In a brief statement posted on the Fiji Government Facebook page this evening, Attorney General Graham Leung stated, “He should do the honourable thing and step aside. The office is bigger than the individual.”

Echoing similar sentiments in a statement, Wylie Clarke, President of the Fiji Law Society, pointed out the importance of respecting the Supreme Court’s judgment and maintaining the integrity of the legal system.

“The Supreme Court ruled that Mr. Rabuku was disqualified from appointment as acting Director of Public Prosecutions under the Constitution,” Clarke stated, referring to the court’s interpretation of Section 117(2) and the disciplinary disqualification under Section 105(2)(b).

Rabuku, who assumed the acting DPP role last October following the sudden passing of Acting DPP Ratu David Toganivalu, has remained defiant.

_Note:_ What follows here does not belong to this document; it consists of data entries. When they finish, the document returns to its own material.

section \<open>Duality for the program restricted to a ray of rules\<close>

lemma ex_greater_mult_le:
  fixes \<alpha> \<beta> :: "'i \<Rightarrow> real"
  assumes "finite I" and "\<forall>i\<in>I. \<rho> * \<beta> i \<le> \<alpha> i \<and> (0 < \<beta> i \<longrightarrow> \<rho> * \<beta> i < \<alpha> i)"
  shows "\<exists>\<rho>'>\<rho>. \<forall>i\<in>I. \<rho>' * \<beta> i \<le> \<alpha> i"
proof -
  define \<rho>' where "\<rho>' = Min (insert (\<rho> + 1) ((\<lambda>i. \<alpha> i / \<beta> i) ` {i\<in>I. 0 < \<beta> i}))"
  have "\<rho> < \<rho>'"
    using assms by (auto simp: \<rho>'_def less_divide_eq mult.commute)
  moreover have "\<rho>' * \<beta> i \<le> \<alpha> i" if i: "i \<in> I" for i
  proof (cases "0 < \<beta> i")
    case True
    then have "\<rho>' \<le> \<alpha> i / \<beta> i" using assms(1) i by (simp add: \<rho>'_def)
    then show ?thesis using True by (simp add: le_divide_eq)
  next
    case False
    then have "\<rho>' * \<beta> i \<le> \<rho> * \<beta> i" using \<open>\<rho> < \<rho>'\<close> by (simp add: mult_right_mono_neg)
    then show ?thesis using assms(2) i by fastforce
  qed
  ultimately show ?thesis by blast
qed

lemma fourier_motzkin_one_variable:
  fixes e r :: "'a \<Rightarrow> real"
  assumes "finite S"
    and zero: "\<forall>s\<in>S. e s = 0 \<longrightarrow> 0 \<le> r s"
    and pairs: "\<forall>s\<in>S. \<forall>t\<in>S. e s < 0 \<longrightarrow> 0 < e t \<longrightarrow> e s * r t \<le> e t * r s"
  shows "\<exists>\<nu>. \<forall>s\<in>S. \<nu> * e s \<le> r s"
proof -
  define L where "L = (\<lambda>s. r s / e s) ` {s\<in>S. e s < 0}"
  define U where "U = (\<lambda>t. r t / e t) ` {t\<in>S. 0 < e t}"
  have fin: "finite L" "finite U" using assms(1) by (simp_all add: L_def U_def)
  have LU: "l \<le> u" if lu: "l \<in> L" "u \<in> U" for l u
  proof -
    obtain s t where st: "s \<in> S" "e s < 0" "l = r s / e s" "t \<in> S" "0 < e t" "u = r t / e t"
      using lu by (auto simp: L_def U_def)
    then have "(e s * e t) * u \<le> (e s * e t) * l" using pairs st by (simp add: mult_ac)
    moreover have "e s * e t < 0" using st by (simp add: mult_neg_pos)
    ultimately show ?thesis by (simp add: mult_le_cancel_left)
  qed
  obtain \<nu> where lower: "\<forall>l\<in>L. l \<le> \<nu>" and upper: "\<forall>u\<in>U. \<nu> \<le> u"
  proof (cases "L = {}")
    case True
    then show ?thesis using that[of "Min (insert 0 U)"] fin(2) by simp
  next
    case False
    then show ?thesis using that fin(1) LU by (meson Max_ge Max_in)
  qed
  have "\<nu> * e s \<le> r s" if s: "s \<in> S" for s
  proof (cases "e s < 0")
    case True
    then have "r s / e s \<le> \<nu>" using lower s by (auto simp: L_def)
    then show ?thesis using True by (simp add: divide_le_eq)
  next
    case False
    show ?thesis
    proof (cases "0 < e s")
      case True
      then have "\<nu> \<le> r s / e s" using upper s by (auto simp: U_def)
      then show ?thesis using True by (simp add: le_divide_eq)
    qed (use False zero s in auto)
  qed
  then show ?thesis by blast
qed

lemma slack_without_certificate:
  fixes C D E :: "'a \<Rightarrow> real"
  assumes fin: "finite S" and nonneg: "\<forall>s\<in>S. 0 \<le> C s \<and> 0 \<le> D s"
    and strict: "\<And>s t \<theta>\<^sub>1 \<theta>\<^sub>2. s \<in> S \<Longrightarrow> t \<in> S \<Longrightarrow> 0 \<le> \<theta>\<^sub>1 \<Longrightarrow> 0 \<le> \<theta>\<^sub>2 \<Longrightarrow>
      0 \<le> \<theta>\<^sub>1 * E s + \<theta>\<^sub>2 * E t \<Longrightarrow> 0 < \<theta>\<^sub>1 * C s + \<theta>\<^sub>2 * C t \<Longrightarrow>
      \<rho> * (\<theta>\<^sub>1 * C s + \<theta>\<^sub>2 * C t) < \<theta>\<^sub>1 * D s + \<theta>\<^sub>2 * D t"
  shows "\<exists>\<rho>'>\<rho>. (\<forall>s\<in>S. E s = 0 \<longrightarrow> \<rho>' * C s \<le> D s)
    \<and> (\<forall>s\<in>S. \<forall>t\<in>S. E s < 0 \<longrightarrow> 0 < E t \<longrightarrow> \<rho>' * (E t * C s - E s * C t) \<le> E t * D s - E s * D t)"
proof -
  \<comment> \<open>The weights \<open>(E t, - E s)\<close> cancel the \<open>E\<close>-terms of a pair with \<open>E s \<le> 0 \<le> E t\<close>;
    the diagonal pairs carry the single constraints with \<open>E s = 0\<close>.\<close>
  define I where "I = {(s, t) \<in> S \<times> S. E s \<le> 0 \<and> 0 \<le> E t}"
  define w\<^sub>1 where "w\<^sub>1 s t = (if s = t then 1 else E t)" for s t
  define w\<^sub>2 where "w\<^sub>2 s t = (if s = t then 0 else - E s)" for s t
  define \<beta> where "\<beta> = (\<lambda>(s, t). w\<^sub>1 s t * C s + w\<^sub>2 s t * C t)"
  define \<alpha> where "\<alpha> = (\<lambda>(s, t). w\<^sub>1 s t * D s + w\<^sub>2 s t * D t)"
  have "\<forall>p\<in>I. \<rho> * \<beta> p \<le> \<alpha> p \<and> (0 < \<beta> p \<longrightarrow> \<rho> * \<beta> p < \<alpha> p)"
  proof clarify
    fix s t assume "(s, t) \<in> I"
    then have st: "s \<in> S" "t \<in> S" "0 \<le> w\<^sub>1 s t" "0 \<le> w\<^sub>2 s t" "w\<^sub>1 s t * E s + w\<^sub>2 s t * E t = 0"
      by (auto simp: I_def w\<^sub>1_def w\<^sub>2_def)
    then have "0 \<le> \<beta> (s, t)" "0 \<le> \<alpha> (s, t)" using nonneg by (simp_all add: \<beta>_def \<alpha>_def)
    moreover have "0 < \<beta> (s, t) \<Longrightarrow> \<rho> * \<beta> (s, t) < \<alpha> (s, t)"
      using strict st by (simp add: \<beta>_def \<alpha>_def)
    ultimately show "\<rho> * \<beta> (s, t) \<le> \<alpha> (s, t) \<and> (0 < \<beta> (s, t) \<longrightarrow> \<rho> * \<beta> (s, t) < \<alpha> (s, t))"
      by force
  qed
  moreover have "finite I" using fin by (auto simp: I_def intro: finite_subset[of _ "S \<times> S"])
  ultimately obtain \<rho>' where "\<rho> < \<rho>'" and slack: "\<forall>p\<in>I. \<rho>' * \<beta> p \<le> \<alpha> p"
    using ex_greater_mult_le by blast
  have "\<rho>' * C s \<le> D s" if "s \<in> S" "E s = 0" for s
    using that slack[rule_format, of "(s, s)"] by (simp add: I_def \<alpha>_def \<beta>_def w\<^sub>1_def w\<^sub>2_def)
  moreover have "\<rho>' * (E t * C s - E s * C t) \<le> E t * D s - E s * D t"
    if "s \<in> S" "t \<in> S" "E s < 0" "0 < E t" for s t
  proof -
    have "s \<noteq> t" using that by auto
    then show ?thesis using that slack[rule_format, of "(s, t)"]
      by (simp add: I_def \<alpha>_def \<beta>_def w\<^sub>1_def w\<^sub>2_def algebra_simps)
  qed
  ultimately show ?thesis using \<open>\<rho> < \<rho>'\<close> by blast
qed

In an interview with the Fiji Sun today, Rabuku asserted his intention to stay in office.

“I won’t resign because the appointment came from the President,” Rabuku told the newspaper. “Until I hear from them, from JSC or whoever, then we can take it from there and move forward.”

This stance has drawn criticism from various quarters, including legal experts and civic groups, who argue that Rabuku’s continued tenure undermines the authority of the Supreme Court and the principles of good governance.

Clarke highlighted that high public officials, especially those central to the administration of justice, have a heightened duty to obey the law.

“In a society governed by rule of law, all must obey it. High public officials such as Mr. Rabuku… have a consequently higher duty to obey the law and not to try to frustrate it,” Clarke stated.

The Supreme Court’s opinion followed a reference from the Cabinet under Section 91 of the Constitution, seeking clarification on Rabuku’s eligibility. The court found that Rabuku’s prior discipline for professional misconduct disqualified him from any judicial appointment, including the role of acting DPP.